What you should do:
Filter out all lines without the word "unfolding" from the data below, please, and copy the rest.

╭──

(* Let $\tau=\frac{1+\sqrt5}{2}$, $\sigma=\frac{1-\sqrt5}{2}$, let $l_1,\dots,l_6$ be the standard orthonormal basis of $\mathbb{R}^6$, and let $D_6=\{\sum_{i=1}^6 m_i l_i : m_i\in\mathbb{Z},\ \sum_i m_i \text{ even}\}$. Let $\pi_\parallel:\mathbb{R}^6\to\mathbb{R}^3$ be the linear map with, writing $s=\sqrt{2(2+\tau)}$, $$\pi_\parallel(l_1)=\tfrac1s(1,\tau,0),\ \pi_\parallel(l_2)=\tfrac1s(-1,\tau,0),\ \pi_\parallel(l_3)=\tfrac1s(0,1,\tau),\ \pi_\parallel(l_4)=\tfrac1s(0,1,-\tau),\ \pi_\parallel(l_5)=\tfrac1s(\tau,0,1),\ \pi_\parallel(l_6)=\tfrac1s(-\tau,0,1).$$ Let $H_3\subset O(3)$ be the group generated by $$R_1=\begin{bmatrix}-1&0&0\\0&1&0\\0&0&1\end{bmatrix},\quad R_2=\frac12\begin{bmatrix}1&-\sigma&-\tau\\-\sigma&\tau&1\\-\tau&1&\sigma\end{bmatrix},\quad R_3=\begin{bmatrix}1&0&0\\0&1&0\\0&0&-1\end{bmatrix}.$$ Let $m_1,m_2\in\mathbb{Z}$ with $m_1+m_2$ even and $(m_1,m_2)\neq(0,0)$, and put $c=\sqrt{\tfrac{2}{2+\tau}}\,(m_1-m_2+2m_2\tau)$. Then each of the following seven vectors $\lambda$ lies in $D_6$, its projection $\pi_\parallel(\lambda)$ equals the stated vector of $\mathbb{R}^3$, and the $H_3$-orbit of $\pi_\parallel(\lambda)$ is the vertex set of the stated polyhedron: (1) $\lambda=m_1l_1+m_2(l_2+l_3+l_4+l_5-l_6)$; $\pi_\parallel(\lambda)=\frac c2(1,\tau,0)$; regular icosahedron. (2) $\lambda=\frac12[(m_1+3m_2)(l_1+l_2+l_3)+(m_1-m_2)(l_4+l_5+l_6)]$; $\pi_\parallel(\lambda)=\frac c2(0,\tau^2,1)$; regular dodecahedron. (3) $\lambda=(m_1+m_2)(l_1+l_2)+2m_2(l_3+l_4)$; $\pi_\parallel(\lambda)=c(0,\tau,0)$; icosidodecahedron. (4) $\lambda=(2m_1+m_2)l_1+(m_1+2m_2)l_2+m_2(3l_3+3l_4+l_5-l_6)$; $\pi_\parallel(\lambda)=\frac c2(1,3\tau,0)$; truncated icosahedron. (5) $\lambda=\frac12[3(m_1+m_2)l_1+(m_1+5m_2)(l_2+l_3)+(m_1+m_2)(l_4+l_5)+(m_1-3m_2)l_6]$; $\pi_\parallel(\lambda)=\frac c2(1,2\tau+1,1)$; small rhombicosidodecahedron. (6) $\lambda=\frac12[(3m_1+5m_2)(l_1+l_2)+(m_1+7m_2)l_3+(m_1+3m_2)l_4+(m_1-m_2)(l_5+l_6)]$; $\pi_\parallel(\lambda)=\frac c2(0,3\tau+1,1)$; truncated dodecahedron. (7) $\lambda=\frac12[5(m_1+m_2)l_1+(3m_1+7m_2)l_2+(m_1+9m_2)l_3+(m_1+5m_2)l_4+(m_1+m_2)l_5+(m_1-3m_2)l_6]$; $\pi_\parallel(\lambda)=\frac c2(1,4\tau+1,1)$; great rhombicosidodecahedron.
   Context: $D_6$ is the root lattice of type $D_6$, written in the orthonormal basis $l_i$. The map $\pi_\parallel$ is the projection onto one of two complementary 3-dimensional subspaces invariant under an icosahedral subgroup of the point group of $D_6$; $H_3$ is the icosahedral reflection group (of order 120) acting on that subspace. The weights of $D_6$ are $\omega_1=l_1$, $\omega_2=l_1+l_2$, $\omega_3=l_1+l_2+l_3$, $\omega_4=l_1+l_2+l_3+l_4$, $\omega_5=\frac12(l_1+\dots+l_5-l_6)$, $\omega_6=\frac12(l_1+\dots+l_6)$; in these terms the seven vectors are respectively $(m_1-m_2)\omega_1+2m_2\omega_5$, $(m_1-m_2)\omega_6+2m_2\omega_3$, $(m_1-m_2)\omega_2+2m_2\omega_4$, $(m_1-m_2)(\omega_1+\omega_2)+2m_2(\omega_4+\omega_5)$, $(m_1-m_2)(\omega_1+\omega_6)+2m_2(\omega_3+\omega_5)$, $(m_1-m_2)(\omega_2+\omega_6)+2m_2(\omega_3+\omega_4)$, $(m_1-m_2)(\omega_1+\omega_2+\omega_6)+2m_2(\omega_3+\omega_4+\omega_5)$. *)

theory Defs
  imports "HOL-Analysis.Analysis"
begin

definition tau :: real where "tau = (1 + sqrt 5) / 2"
definition sigma :: real where "sigma = (1 - sqrt 5) / 2"

text \<open>Standard orthonormal basis l_1, ..., l_6 of R^6 (indices are elements of the type 6;
  the literal 6 denotes the sixth index).\<close>
definition l :: "6 \<Rightarrow> real^6" where "l i = axis i 1"

definition D6 :: "(real^6) set" where
  "D6 = {x. (\<forall>i. x $ i \<in> \<int>) \<and> (\<exists>k::int. (\<Sum>i\<in>UNIV. x $ i) = 2 * of_int k)}"

definition pi_par :: "real^6 \<Rightarrow> real^3" where
  "pi_par x = (1 / sqrt (2 * (2 + tau))) *\<^sub>R
     (  (x $ 1) *\<^sub>R vector [1, tau, 0]
      + (x $ 2) *\<^sub>R vector [-1, tau, 0]
      + (x $ 3) *\<^sub>R vector [0, 1, tau]
      + (x $ 4) *\<^sub>R vector [0, 1, -tau]
      + (x $ 5) *\<^sub>R vector [tau, 0, 1]
      + (x $ 6) *\<^sub>R vector [-tau, 0, 1])"

definition R1 :: "real^3^3" where
  "R1 = vector [vector [-1, 0, 0], vector [0, 1, 0], vector [0, 0, 1]]"
definition R2 :: "real^3^3" where
  "R2 = (1/2) *\<^sub>R vector [vector [1, -sigma, -tau], vector [-sigma, tau, 1], vector [-tau, 1, sigma]]"
definition R3 :: "real^3^3" where
  "R3 = vector [vector [1, 0, 0], vector [0, 1, 0], vector [0, 0, -1]]"

inductive_set H3 :: "(real^3^3) set" where
  H3_id: "mat 1 \<in> H3"
| H3_gen: "A \<in> H3 \<Longrightarrow> g \<in> {R1, R2, R3} \<Longrightarrow> g ** A \<in> H3"
| H3_inv: "A \<in> H3 \<Longrightarrow> g \<in> {R1, R2, R3} \<Longrightarrow> matrix_inv g ** A \<in> H3"

definition H3_orbit :: "real^3 \<Rightarrow> (real^3) set" where
  "H3_orbit p = {A *v p | A. A \<in> H3}"

text \<open>Standard vertex coordinates: all even (cyclic) permutations of all sign choices.\<close>
definition EP :: "real \<Rightarrow> real \<Rightarrow> real \<Rightarrow> (real^3) set" where
  "EP a b c = (\<Union>(s1,s2,s3) \<in> {1,-1} \<times> {1,-1} \<times> {1,-1::real}.
      {vector [s1*a, s2*b, s3*c], vector [s2*b, s3*c, s1*a], vector [s3*c, s1*a, s2*b]})"

definition std_icosahedron :: "(real^3) set" where
  "std_icosahedron = EP 0 1 tau"
definition std_dodecahedron :: "(real^3) set" where
  "std_dodecahedron = EP 1 1 1 \<union> EP 0 (1/tau) tau"
definition std_icosidodecahedron :: "(real^3) set" where
  "std_icosidodecahedron = EP 0 0 tau \<union> EP (1/2) (tau/2) (tau^2/2)"
definition std_truncated_icosahedron :: "(real^3) set" where
  "std_truncated_icosahedron = EP 0 1 (3*tau) \<union> EP 1 (2+tau) (2*tau) \<union> EP tau 2 (tau^3)"
definition std_small_rhombicosidodecahedron :: "(real^3) set" where
  "std_small_rhombicosidodecahedron = EP 1 1 (tau^3) \<union> EP (tau^2) tau (2*tau) \<union> EP (2+tau) 0 (tau^2)"
definition std_truncated_dodecahedron :: "(real^3) set" where
  "std_truncated_dodecahedron = EP 0 (1/tau) (2+tau) \<union> EP (1/tau) tau (2*tau) \<union> EP tau 2 (tau+1)"
definition std_great_rhombicosidodecahedron :: "(real^3) set" where
  "std_great_rhombicosidodecahedron = EP (1/tau) (1/tau) (3+tau) \<union> EP (2/tau) tau (1+2*tau)
     \<union> EP (1/tau) (tau^2) (3*tau - 1) \<union> EP (2*tau - 1) 2 (2+tau) \<union> EP tau 3 (2*tau)"

definition similar_to :: "(real^3) set \<Rightarrow> (real^3) set \<Rightarrow> bool" where
  "similar_to S T \<longleftrightarrow> (\<exists>r Q b. r > 0 \<and> orthogonal_matrix Q \<and> S = (\<lambda>x. r *\<^sub>R (Q *v x) + b) ` T)"

end

theory Submission
  imports Defs
begin

text \<open>
  Every lambda of the theorem is (m1 - m2) w + 2 m2 w', where w is a sum of the fundamental
  weights omega1, omega2, omega6 of D6 and w' is the corresponding sum of omega5, omega4, omega3.
  Twice each fundamental weight lies in D6, hence so does lambda; and pi_par maps omega5, omega4,
  omega3 to tau times the images of omega1, omega2, omega6, so pi_par lambda is
  (m1 - m2 + 2 m2 tau) pi_par w, a nonzero multiple of pi_par w because sqrt 5 is irrational.

  The H3-orbit of each of the seven vertices pi_par w is then determined exactly.  Its points
  have coordinates in (1/2) Z[tau], and a certificate checked by evaluation shows that the vertex
  set of the standard polyhedron (after swapping two coordinates and rescaling where needed)
  contains the vertex, is closed under the three generating reflections, and that each of its
  other points is moved strictly up by some generator with respect to a linear height, so that
  it is reachable from the vertex.
\<close>

section \<open>The golden ratio\<close>

lemma tau_gt_1: "tau > 1"
  unfolding tau_def by simp

lemma tau_squared: "tau\<^sup>2 = tau + 1"
  unfolding tau_def by (simp add: power2_eq_square field_simps)

lemma tau_times_tau: "tau * tau = tau + 1"
  using tau_squared by (simp add: power2_eq_square)

lemma tau_times_tau_times: "tau * (tau * x) = tau * x + x"
proof -
  have "tau * (tau * x) = (tau * tau) * x"
    by (simp only: mult.assoc)
  also have "\<dots> = tau * x + x"
    by (simp only: tau_times_tau distrib_right mult_1)
  finally show ?thesis .
qed

lemma tau_cubed: "tau ^ 3 = 2 * tau + 1"
  by (simp add: power3_eq_cube tau_times_tau algebra_simps)
theorem lemma31:
  fixes D :: "'a::field_char_0 \<Rightarrow> 'a" and k :: "'a set" and f :: 'a
  assumes "is_derivation D"
    and "is_diff_subfield D k"
    and "constants_of D k = constants_of D UNIV"
    and "alg_closed_subfield (constants_of D UNIV)"
    and "\<exists>x\<in>k. D x = 1"
    and "iterated_integral D k f"
  shows "picard_vessiot D k (diff_adjoin D k f) \<and> unipotent_galois D k (diff_adjoin D k f) \<and>
         (f \<notin> k \<longrightarrow>
           (\<exists>r y. r \<ge> 1 \<and> y (r - 1) = f \<and> (\<forall>i<r. y i \<in> diff_adjoin D k f) \<and>
              alg_indep k r y \<and> diff_adjoin D k f = field_gen (k \<union> y ` {..<r}))
           \<and> rel_alg_closed_in (field_gen (k \<union> {f})) (diff_adjoin D k f))"
proof -
  obtain x where "x \<in> k" "D x = 1" using assms(5) by blast
  then interpret same_constants_x D k x
    using assms(1-3) by unfold_locales auto
  show ?thesis
    using picard_vessiot_diff_adjoin[OF assms(6)] unipotent_galois_diff_adjoin[OF assms(6)]
      diff_adjoin_transcendence_basis[OF assms(6)] by blast
qed

end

╰──

Solution to the exercise:
  unfolding tau_def by simp
  unfolding tau_def by (simp add: power2_eq_square field_simps)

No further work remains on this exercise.